2020 Flight Stats Are Out. And Sun ‘n Fun Bids Farewell To Leenhouts.
Plus, a civilian tiltrotor makes headway, fatalities down in GA by a lot, a big follow-up by EAA, and Joby shares its certification plans.
The NTSB released its statistics for aircraft accidents in 2020, which showed that the number of fatalities in general aviation decreased markedly. There were 332 deaths in 2020 compared to 414 fatalities the year before. The accident rate also ticked down, to 1.049 mishaps per 100,000 hours, compared to 1.069 in 2019.
The report also found that there were no U.S. Part 121 (scheduled air carriers) fatalities in 2020, which has become the norm. There were 21 people who died in Part 135 on-demand charter operations in 2020, this compared to 32 deaths in 2019.
But perhaps the most anticipated figures were those for hours flown during 2020, the year in which the pandemic emerged as a major, global crisis. It was no surprise that air carrier operations were down by a lot (more than 55 percent), and losses for charter operators were nearly equally devastating, with Part 135 activity down by around 45 percent.

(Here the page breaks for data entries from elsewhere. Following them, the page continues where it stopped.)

lemma sum_Pi_H_le:
  assumes n: "4 \<le> n" and nbrs: "{u. {v, u} \<in> H} \<subseteq> {a, b}"
    and U: "v \<notin> U" "insert v U \<subseteq> vertices n"
  shows "(\<Sum>j\<in>U. Pi_H n H v j) \<le> (if \<exists>u. {v, u} \<in> H \<and> u \<notin> U then 1 else 2)"
proof -
  define N where "N = {j \<in> U. {v, j} \<in> H}"
  define M :: nat where "M = (if \<exists>u. {v, u} \<in> H \<and> u \<notin> U then 1 else 2)"
  have fin: "finite U" using U finite_subset by (auto simp: vertices_def)
  have "card (insert v U) \<le> n" using card_mono[OF _ U(2)] by (simp add: vertices_def)
  then have cU: "card N + card (U - N) \<le> n - 1"
    using fin U(1) card_Diff_subset[of N U] card_mono[of U N] by (auto simp: N_def)
  have cN: "card N \<le> M"
  proof (cases "\<exists>u. {v, u} \<in> H \<and> u \<notin> U")
    case True
    then obtain u where "{v, u} \<in> H" "u \<notin> U" by blast
    with nbrs have "N \<subseteq> {if u = a then b else a}" by (auto simp: N_def)
    then show ?thesis using True card_mono[of "{if u = a then b else a}" N] by (simp add: M_def)
  next
    case False
    have "card N \<le> card {a, b}" using nbrs by (intro card_mono) (auto simp: N_def)
    with False show ?thesis by (auto simp: M_def card_insert_if split: if_splits)
  qed
  have "(\<Sum>j\<in>U. Pi_H n H v j) = (\<Sum>j\<in>N. Pi_H n H v j) + (\<Sum>j\<in>U - N. Pi_H n H v j)"
    using fin by (subst sum.subset_diff[of N]) (auto simp: N_def)
  also have "\<dots> = (\<Sum>j\<in>N. 1 - 1 / real n) + (\<Sum>j\<in>U - N. 1 / (real n * (real n - 2)))"
    using U(1) by (intro arg_cong2[where f = "(+)"] sum.cong) (auto simp: N_def Pi_H_def)
  also have "\<dots> = card N * (1 - 1 / real n) + card (U - N) * (1 / (real n * (real n - 2)))"
    by simp
  also have "\<dots> \<le> M"
    using cU cN n by (intro weighted_count_le) (auto simp: M_def)
  finally show ?thesis by (auto simp: M_def split: if_splits)
qed

lemma Pi_H_step_prob_ge:
  assumes n: "4 \<le> n" and nbrs: "{u. {v, u} \<in> H} \<subseteq> {a, b}"
    and U: "v \<notin> U" "insert v U \<subseteq> vertices n" and w: "w \<in> U"
  shows "{v, w} \<in> H \<Longrightarrow> (1 - 1 / real n) / (if \<exists>u. {v, u} \<in> H \<and> u \<notin> U then 1 else 2)
      \<le> Pi_H n H v w / (\<Sum>j\<in>U. Pi_H n H v j)"
    and "{v, w} \<notin> H \<Longrightarrow> 1 / (real n * (real n - 2)) / 2 \<le> Pi_H n H v w / (\<Sum>j\<in>U. Pi_H n H v j)"
proof -
  let ?B = "if \<exists>u. {v, u} \<in> H \<and> u \<notin> U then 1 else 2 :: real"
  have "finite U" using U finite_subset by (auto simp: vertices_def)
  then have "Pi_H n H v w \<le> (\<Sum>j\<in>U. Pi_H n H v j)"
    using n by (intro member_le_sum[OF w]) (simp_all add: Pi_H_nonneg)
  moreover have "0 < Pi_H n H v w" using U(1) w by (intro Pi_H_pos[OF n]) blast
  ultimately have step: "Pi_H n H v w / ?B \<le> Pi_H n H v w / (\<Sum>j\<in>U. Pi_H n H v j)"
    using sum_Pi_H_le[OF n nbrs U] by (intro divide_left_mono) auto
  have "v \<noteq> w" using U(1) w by blast
  then show "{v, w} \<in> H \<Longrightarrow> (1 - 1 / real n) / ?B \<le> Pi_H n H v w / (\<Sum>j\<in>U. Pi_H n H v j)"
    using step by (simp add: Pi_H_def)
  have "1 / (real n * (real n - 2)) / 2 \<le> 1 / (real n * (real n - 2)) / ?B"
    using n by (intro divide_left_mono) auto
  with \<open>v \<noteq> w\<close> show "{v, w} \<notin> H \<Longrightarrow> 1 / (real n * (real n - 2)) / 2 \<le> Pi_H n H v w / (\<Sum>j\<in>U. Pi_H n H v j)"
    using step by (simp add: Pi_H_def)
qed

GA fared much better in terms of flight activity, according to the NTSB's report, with 11% fewer hours flown in 2020 than in 2021, a figure that we forecast based on a survey early in the pandemic that showed pilots of light and business aircraft largely unfazed by the implications of the pandemic.
Sun 'n Fun's umbrella organization the Aerospace Center for Excellence (ACE) announced that its president/CEO John "Lites" Leenhouts would retire after next year's Sun ’n Fun Fly-In, which takes place April 5-10, 2022. A former Naval aviator, Leenhouts has headed Sun 'n since 2011. Under his leadership, ACE has greatly expanded the breadth of its community educational offerings while building the organization's infrastructure on the Lakeland Linder campus.
Deliveries of piston-powered aircraft were flat for the first nine months of the year compared with the same period in 2019. GA makers of piston planes handed over just 6 fewer planes than the first three quarters of the year before.
In a surprise this week, Joby Aviation announced that it would certificate its battery-powered multiengine tilt rotor aircraft as a pilot-flown airplane. The company's founder, JoeBen Bevirt, said that by following the typical Part 23 path, certification would be greatly eased and speeded up. Joby says it recently flew a 150-mile plus flight at a ground speed of around 120 mph.
EAA announced the second edition of its surprise hit Homebuilders Week, a series of online webinars covering every imaginable part of aircraft homebuilding. The event, which will take place from January 24-28, 2022, will feature six daily live presentations. Last year's inaugural event attracted more than 16,000 participants.
The pilot of a firefighting modified Air Tractor 802A that crashed in Colorado earlier this month while conducting a rare nighttime mission has been identified. The pilot, Marc Thor Olsen was, the operator CO Fire Aviation said, a decorated veteran of both the Army and the Air Force. The NTSB is investigating the mishap.
The lucky pilot of a Mooney that lost power while on approach to Tampa's Peter O. Knight Airport and his passenger were rescued after ditching in Tampa Bay. Assisting in the rescue were the chief pilot of Icon Aircraft Genesah Duffy, who was conducting a post-maintenance flight in an Icon A5, along with a Tampa Police boat. Both occupants of the Mooney got wet but were uninjured in ditching and subsequent swim.
In a week that saw a half-dozen ditchings along Florida's Gulf Coast, that of a Bonanza pilot whose single-engine plane lost power near Cedar Key made headlines. A photo showing the Bonanza pilot standing atop his plane as a Customs and Border Protection boat comes by to offer aid was everywhere in the news. The pilot was uninjured in that incident, as well.
Leonardo showed up at the Dubai Airshow with its AW609 civil tiltrotor, which is moving steadily toward certification and eventual production. The aircraft, which emerged as a proposed business aviation high-speed, vertical flight solution, has been around since the late 1990s as a joint venture between Bell Helicopter and Boeing, and made its first flight in 2003. The program, now owned by Leonardo Air, an Italian multi-national corporation.